F5 The price reported is a weighted average price. These shares were sold in multiple transactions at prices within the range of $247.07 to $248.0699, inclusive. The Reporting Person undertakes to provide to Workday, Inc., any security holder of Workday, Inc., or the staff of the Securities and Exchange Commission, upon request, full information regarding the number of shares sold at each separate price within the range(s) set forth in this footnote of this Form 4.

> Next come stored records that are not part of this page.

lemma sv_state_eq_path_state:
  assumes hv: "(h, v) \<in> sv_states r c topb botb (\<lambda>i. True) rightb"
    and top: "\<And>l. 1 \<le> l \<Longrightarrow> l \<le> c \<Longrightarrow> topb l \<longleftrightarrow> l \<noteq> p" and p: "1 \<le> p" "p \<le> c + 1"
  defines "T \<equiv> \<lambda>k. first_column c (\<lambda>l. \<not> v l k)"
  shows "(h, v) = path_state r c T" and "mono_on {..r} T" and "T 0 = p"
proof -
  have hout: "\<And>i k. i < 1 \<or> i > r \<or> k > c \<Longrightarrow> \<not> h i k"
    and vout: "\<And>l k. l < 1 \<or> l > c \<or> k > r \<Longrightarrow> \<not> v l k"
    and vtop: "\<And>l. 1 \<le> l \<Longrightarrow> l \<le> c \<Longrightarrow> \<not> v l 0 \<longleftrightarrow> l = p"
    using hv top unfolding sv_states_def by auto
  show T0: "T 0 = p"
    unfolding T_def by (rule first_column_eqI) (use vtop p in auto)
  have row: "T k \<le> T (Suc k)
      \<and> (\<forall>l. 1 \<le> l \<longrightarrow> l \<le> c \<longrightarrow> (\<not> v l (Suc k) \<longleftrightarrow> l = T (Suc k)))
      \<and> (\<forall>l\<le>c. \<not> h (Suc k) l \<longleftrightarrow> T k \<le> l \<and> l < T (Suc k))"
    if k: "k < r" and level: "\<And>l. 1 \<le> l \<Longrightarrow> l \<le> c \<Longrightarrow> \<not> v l k \<longleftrightarrow> l = T k" for k
  proof -
    have Tk: "1 \<le> T k" "T k \<le> c + 1"
      unfolding T_def by (rule first_column_bounds)+
    obtain q where q: "T k \<le> q" "q \<le> c + 1"
        "\<And>l. 1 \<le> l \<Longrightarrow> l \<le> c \<Longrightarrow> \<not> v l (Suc k) \<longleftrightarrow> l = q"
        "\<And>l. l \<le> c \<Longrightarrow> \<not> h (Suc k) l \<longleftrightarrow> T k \<le> l \<and> l < q"
      using sv_states_row[OF hv k level Tk] by blast
    moreover have "T (Suc k) = q"
      unfolding T_def by (rule first_column_eqI) (use q Tk in auto)
    ultimately show ?thesis by auto
  qed
  have level: "\<not> v l k \<longleftrightarrow> l = T k" if "k \<le> r" "1 \<le> l" "l \<le> c" for k l
    using that
  proof (induction k arbitrary: l)
    case 0
    then show ?case using vtop T0 by simp
  next
    case (Suc k)
    then show ?case using row[of k] by simp
  qed
  have le_T_Suc: "T k \<le> T (Suc k)"
    and hrow: "\<And>l. l \<le> c \<Longrightarrow> \<not> h (Suc k) l \<longleftrightarrow> T k \<le> l \<and> l < T (Suc k)"
    if "k < r" for k
    using row[of k] level[of k] that by auto
  show "mono_on {..r} T"
    using le_T_Suc by (rule mono_on_atMost_SucI)
  show "(h, v) = path_state r c T"
    unfolding path_state_def prod.inject
  proof (intro conjI ext)
    fix i k
    show "h i k \<longleftrightarrow> 1 \<le> i \<and> i \<le> r \<and> k \<le> c \<and> \<not> (T (i - 1) \<le> k \<and> k < T i)"
    proof (cases "1 \<le> i \<and> i \<le> r \<and> k \<le> c")
      case True
      then have "i = Suc (i - 1)" "i - 1 < r" by auto
      then show ?thesis using hrow[of "i - 1" k] True by metis
    qed (use hout in auto)
    show "v i k \<longleftrightarrow> 1 \<le> i \<and> i \<le> c \<and> k \<le> r \<and> i \<noteq> T k"
    proof (cases "1 \<le> i \<and> i \<le> c \<and> k \<le> r")
      case True
      then show ?thesis using level[of k i] by blast
    qed (use vout in auto)
  qed
qed
(* Let $\xi:I\to\mathbb{R}^3$ be as in the context with $k>0$ and $\tau\ne0$ on the open interval $I$, and let $e$ be its evolute. Then there exists an orientation-preserving isometry $M$ of $\mathbb{R}^3$ with $M(\xi(t))=e(t)$ for all $t\in I$ if and only if $k=|\tau|$ on $I$ and either (a) $k$ is constant on $I$ (a helix with equal curvature and absolute torsion), or (b) there exist $c>0$ and $t_0\notin I$ such that $k(t)=c\,|t-t_0|^{-1/2}$ for all $t\in I$. (The case $\tau>0$ is the curves with $k=\tau$; the case $\tau<0$ is their mirror images.)
   Context: $\xi$ is a smooth arclength-parametrized curve with curvature $k>0$, $r=1/k$, torsion $\tau$ and Frenet frame $(\mathbf{t},\mathbf{n},\mathbf{b})$. Its evolute is the curve $e(t)=\xi(t)+r(t)\mathbf{n}(t)+\frac{r'(t)}{\tau(t)}\mathbf{b}(t)$, the locus of centers of osculating spheres, parametrized by the same parameter $t$. *)

theory Defs
  imports "HOL-Analysis.Analysis"
begin

type_synonym vec3 = "real^3"

definition smooth_on :: "real set \<Rightarrow> (real \<Rightarrow> vec3) \<Rightarrow> bool" where
  "smooth_on I f \<longleftrightarrow> (\<exists>D :: nat \<Rightarrow> real \<Rightarrow> vec3. D 0 = f \<and>
     (\<forall>m. \<forall>t\<in>I. (D m has_vector_derivative D (Suc m) t) (at t)))"

definition vd :: "(real \<Rightarrow> vec3) \<Rightarrow> real \<Rightarrow> vec3" where
  "vd f t = vector_derivative f (at t)"

definition tangent :: "(real \<Rightarrow> vec3) \<Rightarrow> real \<Rightarrow> vec3" where
  "tangent \<xi> t = vd \<xi> t"

definition curvature :: "(real \<Rightarrow> vec3) \<Rightarrow> real \<Rightarrow> real" where
  "curvature \<xi> t = norm (vd (vd \<xi>) t)"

F6 The price reported is a weighted average price. These shares were sold in multiple transactions at prices within the range of $248.10 to $249.0999, inclusive. The Reporting Person undertakes to provide to Workday, Inc., any security holder of Workday, Inc., or the staff of the Securities and Exchange Commission, upon request, full information regarding the number of shares sold at each separate price within the range(s) set forth in this footnote of this Form 4.
F7 The reported shares are held by the David A. Duffield Trust dated July 14, 1988, a revocable living trust, of which the Reporting Person is trustee and sole beneficiary.
F8 All shares of Class A and Class B Common Stock will convert automatically into shares of a single class of Common Stock upon the earliest to occur of the following: (a) upon the election by the holders of a majority of the then outstanding shares of Class B Common Stock, (b) the date when the number of outstanding shares of Class B Common Stock represents less than 9% of all outstanding shares of Class A and Class B Common Stock, (c) October 11, 2032 or (d) nine months after the death of the later to die of David A. Duffield and Aneel Bhusri. The shares of Class A and Class B Common Stock have no expiration date.
F9 Each share of Class B Common Stock is convertible, at any time at the option of the holder, into one (1) share of Class A Common Stock. In addition, each share of Class B Common Stock will convert automatically into one (1) share of Class A Common Stock upon any transfer, whether or not for value, except for certain permitted transfers described in, and transfers to any "permitted transferee" as defined in, the Issuer's restated certificate of incorporation in effect as of the date hereof. The shares of Class B Common Stock have no expiration date.